Maybe in Eric Brown's opinion the Swordfish had more impact on the war and had better handling
As Hop said, handling is very important, and so is impact on the war. I think Eric Brown took these things into consideration when ranking these aircraft:
- Effect on the war
- Performance
- Ease of handling, since many pilots received a relatively short amount of flight training
Maybe in Eric Brown's opinion the Swordfish had more impact on the war and had better handling
There's a tendency amongst armchair pilots to focus only on combat characteristics, probably because those can be more easily quantified with numbers. Speed, rate of climb, range, power, rate of roll etc. All hard numbers.
However, handling, particularly low speed handling, was of very great importance.
The 109 has excellent low speed handling.
You could be right that maybe that is what he thought. In my opinion though I dont understand how? Avengers I think would have had more of an impact because I can think of more "heavy" ships that they helped send ot the bottom than the Swordfish and the Avenger was a better aircraft. Hell it was an all metal aircraft as compared to a fabric covered biplane.
For the British it had more of an impact but then it would go to personal bias...
During the early war period, a non-aircraft related problem had emerged: the faulty torpedoes used by the U.S. Navy had failed to explode (even on direct hits) on many occasions; Prange mentions a likely problem in the magnetic detonation device (at Midway, one submarine (USS Nautilus (SS-168)) actually hit the Sōryū with a faulty torpedo, although after it was already incapacitated).
The Avenger had a large bomb bay, allowing for one Bliss-Leavitt Mark 13 torpedo, a single 2000 lb (900 kg) bomb, or up to four 500 lb (230 kg) bombs. Torpedoes were generally abandoned after Midway and were not carried again regularly until after June of 1944, when improvements mandated their use again.
The Avengers played a very major role in the American victory during World War II, although torpedoes had become largely outdated (replaced by the faster and more effective dive bombers) by then.
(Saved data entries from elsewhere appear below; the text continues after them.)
lemma steps_up_at_perm_iff:
  "j \<in> {1..n} \<Longrightarrow>
    steps_up n \<sigma> J (at \<sigma> j) \<longleftrightarrow> j \<in> J \<or> (\<exists>i\<in>{1..n}. at \<sigma> i = at \<sigma> j + 1 \<and> i < j)"
  unfolding steps_up_def using at_perm_eq_iff by auto

lemma length_word_of_subset: "length (word_of_subset n \<sigma> J) = n"
  by (simp add: word_of_subset_def)

lemma at_word_of_subset:
  "i \<in> {1..n} \<Longrightarrow> at (word_of_subset n \<sigma> J) i = level (steps_up n \<sigma> J) (at \<sigma> i - 1)"
  unfolding word_of_subset_def by (rule at_map_upt)

lemma packed_word_of_subset:
  assumes "1 \<le> n"
  shows "packed_word (word_of_subset n \<sigma> J)"
proof -
  let ?s = "steps_up n \<sigma> J"
  have shift: "(\<lambda>v. v - 1) ` {1..n} = {0..n - 1}"
    using assms by (auto intro!: image_eqI[of _ _ "Suc _"])
  have "set (word_of_subset n \<sigma> J) = (\<lambda>i. level ?s (at \<sigma> i - 1)) ` {1..n}"
    by (simp add: word_of_subset_def atLeastLessThanSuc_atLeastAtMost del: upt_Suc)
  also have "\<dots> = level ?s ` ((\<lambda>v. v - 1) ` at \<sigma> ` {1..n})"
    by (simp add: image_image)
  also have "\<dots> = level ?s ` {0..n - 1}"
    unfolding at_perm_image shift ..
  also have "\<dots> = {1..level ?s (n - 1)}" by (rule level_image)
  finally have "set (word_of_subset n \<sigma> J) = {1..level ?s (n - 1)}" .
  moreover have "Max {1..level ?s (n - 1)} = level ?s (n - 1)"
    using level_mono[of 0 "n - 1" ?s] by (intro Max_eqI) auto
  moreover have "word_of_subset n \<sigma> J \<noteq> []"
    using assms length_word_of_subset by (metis list.size(3) not_one_le_zero)
  ultimately show ?thesis by (simp add: packed_word_def)
qed

lemma level_at_successor:
  assumes "i \<in> {1..n}" "j \<in> {1..n}" "at \<sigma> i = at \<sigma> j + 1"
  shows "level s (at \<sigma> i - 1) = level s (at \<sigma> j - 1) + (if s (at \<sigma> j) then 1 else 0)"
  using level_pred[of "at \<sigma> j" s] at_perm_in_range[OF assms(2)] assms(3) by simp

lemma Std_word_of_subset: "Std (word_of_subset n \<sigma> J) = \<sigma>"
proof -
  have "std_compatible (word_of_subset n \<sigma> J) \<sigma>"
  proof (rule std_compatibleI[OF length_word_of_subset])
    fix i j assume "i \<in> {1..n}" "j \<in> {1..n}" "at \<sigma> i \<le> at \<sigma> j"
    then show "at (word_of_subset n \<sigma> J) i \<le> at (word_of_subset n \<sigma> J) j"
      by (simp add: at_word_of_subset level_mono)
  next
    fix i j assume ij: "i \<in> {1..n}" "j \<in> {1..n}" "at \<sigma> j = at \<sigma> i + 1" "j < i"
    then have "steps_up n \<sigma> J (at \<sigma> i)" using steps_up_at_perm_iff by blast
    then show "at (word_of_subset n \<sigma> J) i < at (word_of_subset n \<sigma> J) j"
      using level_at_successor[OF ij(2,1,3)] ij(1,2) by (simp add: at_word_of_subset)
  qed
  then show ?thesis using is_perm length_word_of_subset by (simp add: Std_eq_iff)
qed

lemma std_preimage_word_of_subset: "1 \<le> n \<Longrightarrow> std_preimage n \<sigma> (word_of_subset n \<sigma> J)"
  using packed_word_of_subset Std_word_of_subset by unfold_locales

lemma M_word_of_subset:
  assumes "1 \<le> n" "J \<subseteq> M \<sigma>"
  shows "M (word_of_subset n \<sigma> J) = J"
proof -
  let ?g = "word_of_subset n \<sigma> J"
  interpret g: std_preimage n \<sigma> ?g
    using std_preimage_word_of_subset[OF assms(1)] .
  have "j \<in> M ?g \<longleftrightarrow> j \<in> J" if jM: "j \<in> M \<sigma>" for j
  proof -
    from jM have j: "j \<in> {1..n}" "at \<sigma> j + 1 \<in> {1..n}"
      and right: "\<forall>i\<in>{1..n}. at \<sigma> i = at \<sigma> j + 1 \<longrightarrow> j < i"
      unfolding mem_M_perm_iff by auto
    then obtain i where i: "i \<in> {1..n}" "at \<sigma> i = at \<sigma> j + 1"
      using exists_at_perm_eq by blast
    have "j < i" using right i by blast
    have "steps_up n \<sigma> J (at \<sigma> j) \<longleftrightarrow> j \<in> J"
      using steps_up_at_perm_iff[OF j(1)] right less_asym by blast
    moreover have "at ?g i = at ?g j + (if steps_up n \<sigma> J (at \<sigma> j) then 1 else 0)"
      using level_at_successor[OF i(1) j(1) i(2)] i(1) j(1) by (simp add: at_word_of_subset)
    ultimately show ?thesis
      using g.at_successor[OF i(1) j(1) i(2)] \<open>j < i\<close> by (simp split: if_splits)
  qed
  then show ?thesis using g.M_word_subset assms(2) by blast
qed

end

theorem lemma25:
  fixes n :: nat and \<sigma> :: "nat list"
  assumes "n \<ge> 1" and "is_perm n \<sigma>"
  shows "(\<forall>f. packed_word f \<and> Std f = \<sigma> \<longrightarrow> M f \<subseteq> M \<sigma>)
         \<and> bij_betw M {f. packed_word f \<and> Std f = \<sigma>} {I. I \<subseteq> M \<sigma>}"
proof -
  interpret perm_list n \<sigma> by (rule perm_list.intro) fact
  have fibre: "{f. packed_word f \<and> Std f = \<sigma>} = {f. std_preimage n \<sigma> f}"
    unfolding std_preimage_def std_preimage_axioms_def using perm_list_axioms by blast
  have subset: "\<forall>f. packed_word f \<and> Std f = \<sigma> \<longrightarrow> M f \<subseteq> M \<sigma>"
    using std_preimage.M_word_subset fibre by blast
  have "inj_on M {f. std_preimage n \<sigma> f}"
    by (rule inj_onI) (simp add: std_preimage_eqI)
  moreover have "M ` {f. std_preimage n \<sigma> f} = {I. I \<subseteq> M \<sigma>}"
  proof (intro equalityI subsetI)
    fix I assume "I \<in> M ` {f. std_preimage n \<sigma> f}"
    then show "I \<in> {I. I \<subseteq> M \<sigma>}" using subset fibre by blast
  next
    fix I assume "I \<in> {I. I \<subseteq> M \<sigma>}"
    then show "I \<in> M ` {f. std_preimage n \<sigma> f}"
      using std_preimage_word_of_subset[OF assms(1)] M_word_of_subset[OF assms(1)]
      by (metis (mono_tags) image_eqI mem_Collect_eq)
  qed
  ultimately show ?thesis using subset fibre by (simp add: bij_betw_def)
qed

end
(* Every NSS topological group is TAP.
   Context: Topological groups are Hausdorff. A topological group is NSS if some open neighborhood of the identity contains no nontrivial subgroup. A subset $A$ of a topological group $G$ is absolutely productive in $G$ if for every injection $a:\mathbb{N}\to A$ and every map $z:\mathbb{N}\to\mathbb{Z}$ the sequence $\left(\prod_{n=0}^{k}a(n)^{z(n)}\right)_{k\in\mathbb{N}}$ converges to some element of $G$. $G$ is TAP if every absolutely productive subset of $G$ is finite. *)

theory Defs
  imports "HOL-Analysis.Analysis"
begin

text \<open>Topological groups are modelled as types of class
  topological_group_add (a possibly non-abelian group, written additively, with
  jointly continuous addition and continuous inversion) together with t2_space
  (Hausdorff).\<close>

definition zmult :: "int \<Rightarrow> 'a::group_add \<Rightarrow> 'a" where
  "zmult z g = (if 0 \<le> z then ((\<lambda>x. x + g) ^^ nat z) 0
                else - (((\<lambda>x. x + g) ^^ nat (- z)) 0))"

definition partial_prod :: "(nat \<Rightarrow> 'a::group_add) \<Rightarrow> (nat \<Rightarrow> int) \<Rightarrow> nat \<Rightarrow> 'a" where
  "partial_prod a z k = sum_list (map (\<lambda>n. zmult (z n) (a n)) [0..<Suc k])"

definition is_subgroup :: "'a::group_add set \<Rightarrow> bool" where
  "is_subgroup H \<longleftrightarrow> 0 \<in> H \<and> (\<forall>x\<in>H. \<forall>y\<in>H. x + y \<in> H) \<and> (\<forall>x\<in>H. - x \<in> H)"

definition NSS :: "'a::{topological_group_add, t2_space} itself \<Rightarrow> bool" where
  "NSS _ \<longleftrightarrow> (\<exists>U::'a set. open U \<and> 0 \<in> U \<and>
      (\<forall>H. is_subgroup H \<and> H \<subseteq> U \<longrightarrow> H = {0}))"

definition absolutely_productive :: "'a::{topological_group_add, t2_space} set \<Rightarrow> bool" where
  "absolutely_productive A \<longleftrightarrow>
     (\<forall>a::nat \<Rightarrow> 'a. \<forall>z::nat \<Rightarrow> int. inj a \<and> range a \<subseteq> A \<longrightarrow>
        (\<exists>g. partial_prod a z \<longlonglongrightarrow> g))"

definition TAP :: "'a::{topological_group_add, t2_space} itself \<Rightarrow> bool" where
  "TAP _ \<longleftrightarrow> (\<forall>A::'a set. absolutely_productive A \<longrightarrow> finite A)"

end

theory Submission
  imports Defs
begin

text \<open>An NSS neighbourhood U of 0 contains no nontrivial cyclic subgroup, so every x \<noteq> 0 has an
  integer multiple outside U. Given an injective sequence a of nonzero elements of A, choose the
  exponents z n so that every factor a(n)^z(n) lies outside U. If the partial products converged,
  their consecutive quotients, which are exactly these factors, would tend to 0 and hence
  eventually lie in U.\<close>

definition nmult :: "nat \<Rightarrow> 'a::monoid_add \<Rightarrow> 'a" where
  "nmult n x = ((\<lambda>y. y + x) ^^ n) 0"

lemma nmult_0 [simp]: "nmult 0 x = 0"
  by (simp add: nmult_def)

lemma nmult_1 [simp]: "nmult 1 x = x"
  by (simp add: nmult_def)

lemma nmult_add: "nmult (m + n) x = nmult m x + nmult n x"
  by (induction n) (simp_all add: nmult_def add.assoc)

lemma zmult_of_nat: "zmult (int n) x = nmult n x"
  by (simp add: zmult_def nmult_def)

lemma zmult_minus_of_nat: "zmult (- int n) x = - nmult n x"
  unfolding zmult_def nmult_def by (cases "n = 0") simp_all

lemma range_zmult: "range (\<lambda>w. zmult w x) = range (\<lambda>n. nmult n x) \<union> range (\<lambda>n. - nmult n x)"
proof -
  have "zmult w x \<in> range (\<lambda>n. nmult n x) \<union> range (\<lambda>n. - nmult n x)" for w
    by (cases w rule: int_cases) (auto simp: zmult_of_nat zmult_minus_of_nat simp del: of_nat_Suc)
  moreover have "nmult n x \<in> range (\<lambda>w. zmult w x)" "- nmult n x \<in> range (\<lambda>w. zmult w x)" for n
    by (metis rangeI zmult_of_nat, metis rangeI zmult_minus_of_nat)
  ultimately show ?thesis by blast
qed

text \<open>Splitting the larger multiple on the appropriate side avoids any commutation argument.\<close>

lemma nmult_diff_mem_range_zmult: "nmult m x - nmult n x \<in> range (\<lambda>w. zmult w x)"
proof (cases "n \<le> m")
  case True
  then have "nmult m x = nmult (m - n) x + nmult n x" by (simp flip: nmult_add)
  then have "nmult m x - nmult n x = zmult (int (m - n)) x" by (simp add: zmult_of_nat)
  then show ?thesis by (metis rangeI)
next
  case False
  then have "nmult n x = nmult (n - m) x + nmult m x" by (simp flip: nmult_add)
  then have "nmult m x - nmult n x = zmult (- int (n - m)) x"
    by (simp add: zmult_minus_of_nat diff_add_eq_diff_diff_swap)
  then show ?thesis by (metis rangeI)
qed

lemma minus_nmult_add_mem_range_zmult: "- nmult m x + nmult n x \<in> range (\<lambda>w. zmult w x)"
proof (cases "m \<le> n")
  case True
  then have "nmult n x = nmult m x + nmult (n - m) x" by (simp flip: nmult_add)
  then have "- nmult m x + nmult n x = zmult (int (n - m)) x"
    by (simp add: zmult_of_nat add.assoc[symmetric])
  then show ?thesis by (metis rangeI)
next
  case False
  then have "nmult m x = nmult n x + nmult (m - n) x" by (simp flip: nmult_add)
  then have "- nmult m x + nmult n x = zmult (- int (m - n)) x"
    by (simp add: zmult_minus_of_nat minus_add add.assoc)
  then show ?thesis by (metis rangeI)
qed

lemma is_subgroup_range_zmult: "is_subgroup (range (\<lambda>w. zmult w (x::'a::group_add)))"
  unfolding is_subgroup_def range_zmult
proof (intro conjI ballI)
  show "0 \<in> range (\<lambda>n. nmult n x) \<union> range (\<lambda>n. - nmult n x)"
    by (metis UnI1 nmult_0 rangeI)
next
  fix u
  assume "u \<in> range (\<lambda>n. nmult n x) \<union> range (\<lambda>n. - nmult n x)"
  then show "- u \<in> range (\<lambda>n. nmult n x) \<union> range (\<lambda>n. - nmult n x)"
    by auto
next
  fix u v
  assume "u \<in> range (\<lambda>n. nmult n x) \<union> range (\<lambda>n. - nmult n x)"
    and "v \<in> range (\<lambda>n. nmult n x) \<union> range (\<lambda>n. - nmult n x)"
  then show "u + v \<in> range (\<lambda>n. nmult n x) \<union> range (\<lambda>n. - nmult n x)"
  proof (elim UnE rangeE)
    fix m n assume "u = nmult m x" "v = nmult n x"
    then show ?thesis by (metis UnI1 rangeI nmult_add)
  next
    fix m n assume "u = nmult m x" "v = - nmult n x"
    then have "u + v = nmult m x - nmult n x" by simp
    with nmult_diff_mem_range_zmult[of m x n] show ?thesis by (simp only: range_zmult)
  next
    fix m n assume "u = - nmult m x" "v = nmult n x"
    then have "u + v = - nmult m x + nmult n x" by simp
    with minus_nmult_add_mem_range_zmult[of m x n] show ?thesis by (simp only: range_zmult)
  next
    fix m n assume "u = - nmult m x" "v = - nmult n x"
    then have "u + v = - nmult (n + m) x" by (simp only: nmult_add minus_add)
    then show ?thesis by (metis UnI2 rangeI)
  qed
qed

lemma ex_zmult_notin_subgroup_free:
  fixes x :: "'a::group_add"
  assumes "\<forall>H. is_subgroup H \<and> H \<subseteq> U \<longrightarrow> H = {0}" and "x \<noteq> 0"
  shows "\<exists>w. zmult w x \<notin> U"
proof (rule ccontr)
  assume "\<nexists>w. zmult w x \<notin> U"
  then have "range (\<lambda>w. zmult w x) = {0}"
    using assms(1) is_subgroup_range_zmult by blast
  moreover have "x \<in> range (\<lambda>w. zmult w x)"
    using zmult_of_nat[of 1 x] by (metis nmult_1 of_nat_1 rangeI)
  ultimately show False using assms(2) by blast
qed

lemma partial_prod_Suc:
  "partial_prod a z (Suc k) = partial_prod a z k + zmult (z (Suc k)) (a (Suc k))"
  by (simp add: partial_prod_def add.assoc)

lemma convergent_partial_prod_factors_tendsto_0:
  fixes a :: "nat \<Rightarrow> 'a::topological_group_add"
  assumes "partial_prod a z \<longlonglongrightarrow> g"
  shows "(\<lambda>n. zmult (z n) (a n)) \<longlonglongrightarrow> 0"
proof -
  have "(\<lambda>k. - partial_prod a z k + partial_prod a z (Suc k)) \<longlonglongrightarrow> - g + g"
    by (intro tendsto_add tendsto_minus assms LIMSEQ_Suc)
  then have "(\<lambda>k. zmult (z (Suc k)) (a (Suc k))) \<longlonglongrightarrow> 0"
    by (simp add: partial_prod_Suc add.assoc[symmetric])
  then show ?thesis by (rule LIMSEQ_imp_Suc)
qed

theorem theorem4p9:
  assumes "NSS TYPE('a::{topological_group_add, t2_space})"
  shows "TAP TYPE('a)"
  unfolding TAP_def
proof (intro allI impI, rule ccontr)
  fix A :: "'a set"
  assume productive: "absolutely_productive A" and "infinite A"
  obtain U :: "'a set" where U: "open U" "0 \<in> U" "\<forall>H. is_subgroup H \<and> H \<subseteq> U \<longrightarrow> H = {0}"
    using assms unfolding NSS_def by (elim exE conjE) (rule that)
  have "infinite (A - {0})" using \<open>infinite A\<close> by simp
  then obtain a :: "nat \<Rightarrow> 'a" where a: "inj a" "range a \<subseteq> A - {0}"
    using infinite_countable_subset by blast
  define z where "z n = (SOME w. zmult w (a n) \<notin> U)" for n
  have "a n \<noteq> 0" for n using a(2) by auto
  then have outside: "zmult (z n) (a n) \<notin> U" for n
    unfolding z_def by (rule someI_ex[OF ex_zmult_notin_subgroup_free[OF U(3)]])
  obtain g where "partial_prod a z \<longlonglongrightarrow> g"
    using productive a unfolding absolutely_productive_def by blast
  then have "(\<lambda>n. zmult (z n) (a n)) \<longlonglongrightarrow> 0"
    by (rule convergent_partial_prod_factors_tendsto_0)
  then have "eventually (\<lambda>n. zmult (z n) (a n) \<in> U) sequentially"
    using U(1,2) by (rule topological_tendstoD)
  then show False using outside by (simp add: eventually_sequentially)
qed

end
There was one major problem with the Avenger though - its torpedos
We are not discussing torpedos though are we? We are discussing aircraft.
True however the Torpedo problems did not last the whole war. Later the US was making better torpedos.
Again as an aircraft the Avenger is better.
torpedoes had become largely outdated (replaced by the faster and more effective dive bombers) by then.
So this is a massive reduction in its effectiveness as a torpedo bomber. This forced it to use bombs and rockets.
Someone name me one big naval battle that the Swordfish fought in that WAS decisive and had an impact on the course of the war. Were they at Leyte Gulf? Philipine Sea? Truk? Rabaul? Mariana's?